Which problem is most appropriate for the nurse to identify for the client experiencing renal trauma?
- A. Infection of the renal tract.
- B. Ineffective tissue perfusion.
- C. Alteration in skin integrity.
- D. Alteration in temperature.
Correct Answer: B
Rationale: Renal trauma risks bleeding and hypoperfusion, making ineffective tissue perfusion the primary problem. Infection, skin integrity, and temperature are less immediate.
A gang war has resulted in 12 young males being brought to the emergency department. Which action by the nurse is priority when a gang member points a gun at a rival gang member in the trauma room?
- A. Attempt to talk to the person who has the gun.
- B. Explain to the person the police are coming.
- C. Stand between the client and the man with the gun.
- D. Get out of the line of fire and protect self.
Correct Answer: D
Rationale: Self-protection by exiting the line of fire prioritizes nurse safety, allowing for security intervention.
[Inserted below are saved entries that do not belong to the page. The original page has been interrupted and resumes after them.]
(* Let $L=(L^{(n)})_n$ be a family where each $L^{(n)}$ is a set of labels on $n$ qubits, with the two properties: (1) for all $\ell_1,\ell_2\in L^{(n)}$ we have $\ell_1\ell_2\notin L^{(n)}$; (2) $\lim_{n\to\infty}|L^{(n)}|/n=\infty$. Let $C=(C^{(n)})_n$ be a family of CNOT circuits for the nearest-neighbor connectivity graph such that $C^{(n)}$ generates $L^{(n)}$. Then $\mu(C,L)\geq 1+\gamma$ for some absolute constant $\gamma>0$ (independent of the families $L$ and $C$).
   Context: Qubits are indexed $1,\ldots,n$. $\mathrm{CX}_{i,j}$ ($i\neq j$) denotes the CNOT gate with control $i$ and target $j$. A CNOT circuit is a finite sequence of moments, each a set of CNOT gates acting on pairwise disjoint qubits; $\operatorname{size}(C)$ is its total number of gates. It is for the nearest-neighbor connectivity graph if every gate $\mathrm{CX}_{i,j}$ in it has $|i-j|=1$. A label is a subset of $\{1,\ldots,n\}$; for labels $a,b$, $ab$ denotes their symmetric difference. A label sequence $\ell=(\ell_1,\ldots,\ell_n)$ is acted on from the right: $\ell\,\mathrm{CX}_{i,j}$ replaces $\ell_j$ by $\ell_i\ell_j$; a moment applies its gates and a circuit applies its moments in order. With $C_{1,m}$ the first $m$ moments of $C$, $C$ generates a label set $L$ if every element of $L$ occurs as an entry of $\ell^0 C_{1,m}$ for some $m\geq 1$, where (by the paper's standing convention) the initial sequence is $\ell^0=(\{1\},\ldots,\{n\})$. $\mu(C,L)=\liminf_{n\to\infty}\operatorname{size}(C^{(n)})/|L^{(n)}|$. *)

theory Defs
  imports Complex_Main "HOL-Library.Extended_Real" "HOL-Library.Liminf_Limsup"
begin

(* Qubits are 1..n.
   A label sequence is a function nat => nat set (only entries 1..n matter).
   A CNOT gate CX_{i,j} is the pair (i,j): control i, target j. *)

type_synonym label = "nat set"
type_synonym gate = "nat \<times> nat"
type_synonym moment = "gate list"
type_synonym circuit = "moment list"

definition symdiff :: "label \<Rightarrow> label \<Rightarrow> label" where
  "symdiff a b = (a - b) \<union> (b - a)"

definition gate_ok :: "nat \<Rightarrow> gate \<Rightarrow> bool" where
  "gate_ok n g \<longleftrightarrow> fst g \<in> {1..n} \<and> snd g \<in> {1..n} \<and> fst g \<noteq> snd g"

definition moment_ok :: "nat \<Rightarrow> moment \<Rightarrow> bool" where
  "moment_ok n M \<longleftrightarrow> (\<forall>g\<in>set M. gate_ok n g) \<and>
     (\<forall>a<length M. \<forall>b<length M. a \<noteq> b \<longrightarrow>
        {fst (M!a), snd (M!a)} \<inter> {fst (M!b), snd (M!b)} = {})"

definition cnot_circuit :: "nat \<Rightarrow> circuit \<Rightarrow> bool" where
  "cnot_circuit n C \<longleftrightarrow> (\<forall>M\<in>set C. moment_ok n M)"

definition nearest_neighbor :: "circuit \<Rightarrow> bool" where
  "nearest_neighbor C \<longleftrightarrow>
     (\<forall>M\<in>set C. \<forall>g\<in>set M. fst g = snd g + 1 \<or> snd g = fst g + 1)"

definition circ_size :: "circuit \<Rightarrow> nat" where
  "circ_size C = sum_list (map length C)"

(* l CX_{i,j}: replaces l_j by l_i l_j *)
definition apply_gate :: "gate \<Rightarrow> (nat \<Rightarrow> label) \<Rightarrow> (nat \<Rightarrow> label)" where
  "apply_gate g l = l(snd g := symdiff (l (fst g)) (l (snd g)))"

(* gates of a moment act on disjoint qubits, so the order is irrelevant *)
definition apply_moment :: "moment \<Rightarrow> (nat \<Rightarrow> label) \<Rightarrow> (nat \<Rightarrow> label)" where
  "apply_moment M l = fold apply_gate M l"

definition init_labels :: "nat \<Rightarrow> label" where
  "init_labels k = {k}"

definition run_prefix :: "circuit \<Rightarrow> nat \<Rightarrow> (nat \<Rightarrow> label)" where
  "run_prefix C m = fold apply_moment (take m C) init_labels"

definition generates :: "nat \<Rightarrow> circuit \<Rightarrow> label set \<Rightarrow> bool" where
  "generates n C L \<longleftrightarrow>
     (\<forall>a\<in>L. \<exists>m. 1 \<le> m \<and> m \<le> length C \<and> (\<exists>k\<in>{1..n}. run_prefix C m k = a))"

definition mu :: "(nat \<Rightarrow> circuit) \<Rightarrow> (nat \<Rightarrow> label set) \<Rightarrow> ereal" where
  "mu C L = liminf (\<lambda>n. ereal (real (circ_size (C n)) / real (card (L n))))"

end

theory Submission
  imports Defs
begin

text \<open>
  Flatten the circuit into its gate sequence and call a gate productive if it writes a label of
  L that has not occurred before. Every label of L is an initial singleton or is written by a
  productive gate, so |L| <= n + #productive. A productive gate is filling if the label it
  overwrites lies outside L and replacing otherwise. Filling gates decrease the number of qubits
  holding labels outside L, which only unproductive gates increase, so
  #filling <= n + #unproductive.

  Replacing gates are where the line matters: the controls of the gates targeting qubit j are
  j - 1 and j + 1. Let q, r be consecutive gates on j with r replacing. Unless an unproductive gate
  acts on a neighbour of j in between, the control label of r is the same as at time q (its last
  writer would have produced a label outside L, because L is symdiff-free), and then equal controls
  would make r rewrite the old label of j. Hence among four consecutive gates on j ending with
  three replacing ones and no such unproductive gate the controls alternate, and the labels
  telescope so that the last gate writes a label seen before. Charging every replacing gate to a
  nearby unproductive or filling gate gives #replacing <= 3 n + 9 (#unproductive + #filling), and
  together 20 |L| <= 33 n + 19 size(C); since |L| / n tends to infinity, any
  \<gamma> < 1/19 works.
\<close>

lemma symdiff_cancel_left [simp]: "symdiff a (symdiff a b) = b"
  unfolding symdiff_def by auto

lemma symdiff_left_commute_cancel [simp]: "symdiff a (symdiff b (symdiff a x)) = symdiff b x"
  unfolding symdiff_def by auto

definition symdiff_free :: "label set \<Rightarrow> bool" where
  "symdiff_free L \<longleftrightarrow> (\<forall>l1\<in>L. \<forall>l2\<in>L. symdiff l1 l2 \<notin> L)"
Talking, explaining police arrival, or standing between risks harm.
The charge nurse has been notified that a disaster has occurred and that all possible clients should be discharged so the floor can receive the casualties. Which client should not be discharged?
- A. The 13-year-old client who is scheduled for a tonsillectomy.
- B. The 42-year-old client scheduled for an abdominal aorta aneurysm dissection.
- C. The 76-year-old client diagnosed with a pulmonary embolus whose INR is 2.9.
- D. The 80-year-old client who is refusing to assist in activities of daily living.
Correct Answer: C
Rationale: A pulmonary embolus with INR 2.9 (therapeutic) requires ongoing anticoagulation and monitoring, precluding discharge. Tonsillectomy, aneurysm surgery, and ADL refusal are less acute.